D. José Policarpo, cardeal da palavra e do silêncio

Historiador António Araújo considera que patriarca se distingue por atitude «ativa mas não panfletária»

Lisboa, 12 ago 2011 (Ecclesia) – O historiador António Araújo, coautor da obra ‘Atraídos pelo Infinito’ (ed. Alêtheia), sobre D. José Policarpo, considera que há uma relação de empatia entre o cardeal-patriarca e o povo português, “o que não sucede por acaso”.

O docente universitário que ocupa o cargo de consultor para os Assuntos Políticos do presidente da República afirmou à Agência ECCLESIA que o prelado de 75 anos “tem a relevância da palavra”, ao mesmo tempo que a sabe calar: “Há silêncios que também falam”.

O bispo de Lisboa, que esta segunda-feira assinala meio século como padre, distingue-se por uma atitude “ativa mas não panfletária”, reveladora de uma “Igreja que compreende a secularização e abraça o mundo mas não entra em conflito com ele”, refere o especialista em Direito.

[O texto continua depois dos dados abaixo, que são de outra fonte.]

(* Let $Y\in\mathbb{C}^{(n\times n)\cdot d}$, let $f$ be an NC function uniformly analytic in a uniformly open neighbourhood of $Y$, and let $f_\ell$, $f_\omega$ and the coefficients $\hat f_{\alpha,\beta;\omega}$ be as in the context. Then there is a constant $C>0$ such that for all $\ell\in\mathbb{N}$, $$\Big(\sum_{\substack{\alpha,\beta\in\mathbb{F}^+_n,\ \omega\in\mathbb{F}^+_d\\ |\alpha|=|\beta|=\ell+1=|\omega|+1}}|\hat f_{\alpha,\beta;\omega}|^2\Big)^{1/(2\ell)}\le C\,\|f_\ell\|_{\mathrm{CB}}^{1/\ell}.$$
   Context: $\mathbb{C}^{(k\times k)\cdot d}$ denotes column $d$-tuples of $k\times k$ matrices, with $\|X\|_{\mathrm{col}}$ the operator norm of the stacked $kd\times k$ matrix; the uniform topology is generated by the sets $\bigsqcup_m\{X\in\mathbb{C}^{(mk\times mk)\cdot d}:\|X-I_m\otimes Z\|_{\mathrm{col}}<r\}$. An NC function on a set $\Omega\subseteq\bigsqcup_k\mathbb{C}^{(k\times k)\cdot d}$ closed under direct sums is a map $f$ with $f(X)\in\mathbb{C}^{k\times k}$ at level $k$, $f(X\oplus X')=f(X)\oplus f(X')$, and $f(S^{-1}XS)=S^{-1}f(X)S$ whenever $X,S^{-1}XS\in\Omega$; it is uniformly analytic if $\Omega$ is uniformly open and $f$ is locally bounded in the uniform topology. $\mathbb{F}^+_k$ is the free monoid of words in $\{1,\dots,k\}$. Such $f$ has a Taylor–Taylor expansion at $Y$: there are unique $|\omega|$-linear maps $f_\omega:(\mathbb{C}^{n\times n})^{|\omega|}\to\mathbb{C}^{n\times n}$ ($\omega\in\mathbb{F}^+_d$) with $f(X)=\sum_\omega f_\omega\circ(X-I_m\otimes Y)^{\odot\omega}$ for $X$ near $Y$, where for $\omega=w_1\cdots w_\ell$, $f_\omega\circ(H_{w_1}\odot\cdots\odot H_{w_\ell})$ means the $m\times m$ block matrix obtained by applying $f_\omega$ to the Haagerup product of the $m\times m$ block matrices $H_{w_i}$ over $\mathbb{C}^{n\times n}$. Let $f_\ell$ be the $\ell$-linear map on $(\mathbb{C}^{(n\times n)\cdot d})^\ell$, $f_\ell(H^{(1)},\dots,H^{(\ell)})=\sum_{|\omega|=\ell}f_\omega(H^{(1)}_{w_1},\dots,H^{(\ell)}_{w_\ell})$, and $\|f_\ell\|_{\mathrm{CB}}$ its completely bounded norm (in the sense of Christensen–Sinclair), i.e. the cb-norm of its linearization on the $\ell$-fold Haagerup tensor product $E\otimes_h\cdots\otimes_hE$, where $E=\mathbb{C}^{(n\times n)\cdot d}$ carries the column operator space structure ($E^{i\times j}$ normed as $\mathbb{C}^{ind\times jn}$). Each $f_\omega$, $|\omega|=\ell$, is written uniquely as $f_\omega(G_1,\dots,G_\ell)=\sum_{\alpha,\beta}\hat f_{\alpha,\beta;\omega}E_{a_0,b_0}G_1E_{a_1,b_1}\cdots G_\ell E_{a_\ell,b_\ell}$, the sum over words $\alpha=a_0\cdots a_\ell,\beta=b_0\cdots b_\ell\in\mathbb{F}^+_n$, with $E_{i,j}$ the matrix units of $\mathbb{C}^{n\times n}$ and $\hat f_{\alpha,\beta;\omega}\in\mathbb{C}$. *)

theory Defs
  imports Complex_Main "Jordan_Normal_Form.Matrix"
begin
lemma eventually_proportional_bounds:
  fixes x s J :: "'a \<Rightarrow> real"
  assumes x: "filterlim x at_top F" and a: "a > 0" and s: "\<forall>\<^sub>F n in F. s n \<ge> 0"
    and lower: "\<forall>\<^sub>F n in F. s n * (a * x n - b) \<le> J n"
    and upper: "\<forall>\<^sub>F n in F. J n \<le> s n * (c * x n + b)"
  shows "\<exists>M>0. \<forall>\<^sub>F n in F. inverse M * (x n * s n) \<le> J n \<and> J n \<le> M * (x n * s n)"
proof (intro exI conjI)
  define M where "M = max (2 / a) (\<bar>c\<bar> + \<bar>b\<bar>)"
  show M: "M > 0"
    using a by (simp add: M_def less_max_iff_disj)
  have "\<forall>\<^sub>F n in F. max 1 (2 * \<bar>b\<bar> / a) \<le> x n"
    using x unfolding filterlim_at_top by blast
  with s lower upper show "\<forall>\<^sub>F n in F. inverse M * (x n * s n) \<le> J n \<and> J n \<le> M * (x n * s n)"
  proof eventually_elim
    case (elim n)
    then have x1: "x n \<ge> 1" and xb: "2 * \<bar>b\<bar> \<le> a * x n"
      using a by (auto simp: field_simps)
    have "inverse M \<le> inverse (2 / a)"
      using a by (intro le_imp_inverse_le) (auto simp: M_def)
    then have "inverse M \<le> a / 2"
      by simp
    then have "inverse M * (x n * s n) \<le> a / 2 * (x n * s n)"
      using x1 elim(1) by (intro mult_right_mono) auto
    also have "\<dots> = s n * (a * x n / 2)"
      by (simp add: field_simps)
    also have "\<dots> \<le> s n * (a * x n - b)"
      using xb elim(1) by (intro mult_left_mono) auto
    finally have "inverse M * (x n * s n) \<le> J n"
      using elim(2) by linarith
    moreover have "s n * (c * x n + b) \<le> M * (x n * s n)"
    proof -
      have "c * x n \<le> \<bar>c\<bar> * x n" "\<bar>b\<bar> * 1 \<le> \<bar>b\<bar> * x n"
        using x1 by (intro mult_right_mono mult_left_mono; simp)+
      then have "c * x n + b \<le> (\<bar>c\<bar> + \<bar>b\<bar>) * x n"
        unfolding distrib_right by linarith
      also have "\<dots> \<le> M * x n"
        using x1 by (intro mult_right_mono) (auto simp: M_def)
      finally have "s n * (c * x n + b) \<le> s n * (M * x n)"
        using elim(1) by (intro mult_left_mono)
      then show ?thesis
        by (simp add: mult_ac)
    qed
    ultimately show ?case
      using elim(3) by linarith
  qed
qed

“Não é uma pessoa que procure o vedetismo e a popularidade”, embora a sua “discrição” não ignore a importância dos media nem contribua para que “se feche sobre si próprio”, aponta António Araújo, que destaca o “profundo sentido de amor e serviço à Igreja” do presidente da Conferência Episcopal.

Para o assessor do Tribunal Constitucional, a sintonia entre os portugueses e o prelado é mais motivada pela atitude do que pelas ideias que defende, já que “a densidade do seu pensamento não chega à generalidade das pessoas”, ainda que “o seu registo enquanto pastor não seja academista nem de caráter intelectual”.

“Nunca deixou de ser um patriarca com um elevadíssimo conhecimento da realidade”, refere o historiador, para quem “é surpreendente ver a dimensão e profundidade das suas ‘Obras escolhidas’”, publicadas pela Universidade Católica Editora.

Os 13 volumes da coleção poderiam ser mais se D. José Policarpo tivesse prosseguido a carreira no ensino superior, interrompida “de certa forma com pena” devido às responsabilidades que lhe foram atribuídas: “Ele próprio confessou que poderia ter seguido uma carreira universitária, dentro da Igreja”.

António Araújo assinala que o prelado não esteve no Concílio Vaticano II (1962-1965) mas acompanhou os primeiros anos da sua aplicação, como é patente na “grande obra ‘Os sinais dos tempos’”, tese de doutoramento obtida na Pontifícia Universidade Gregoriana, Roma, e publicada em 1971.

O título constituiu um “conceito revolucionário”, destaca o investigador, acrescentando que “a marca principal” do cardeal-patriarca está no facto de ser “profundamente conciliar”, como se manifesta na atenção dada à “colegialidade” e “participação dos leigos” na vida da Igreja.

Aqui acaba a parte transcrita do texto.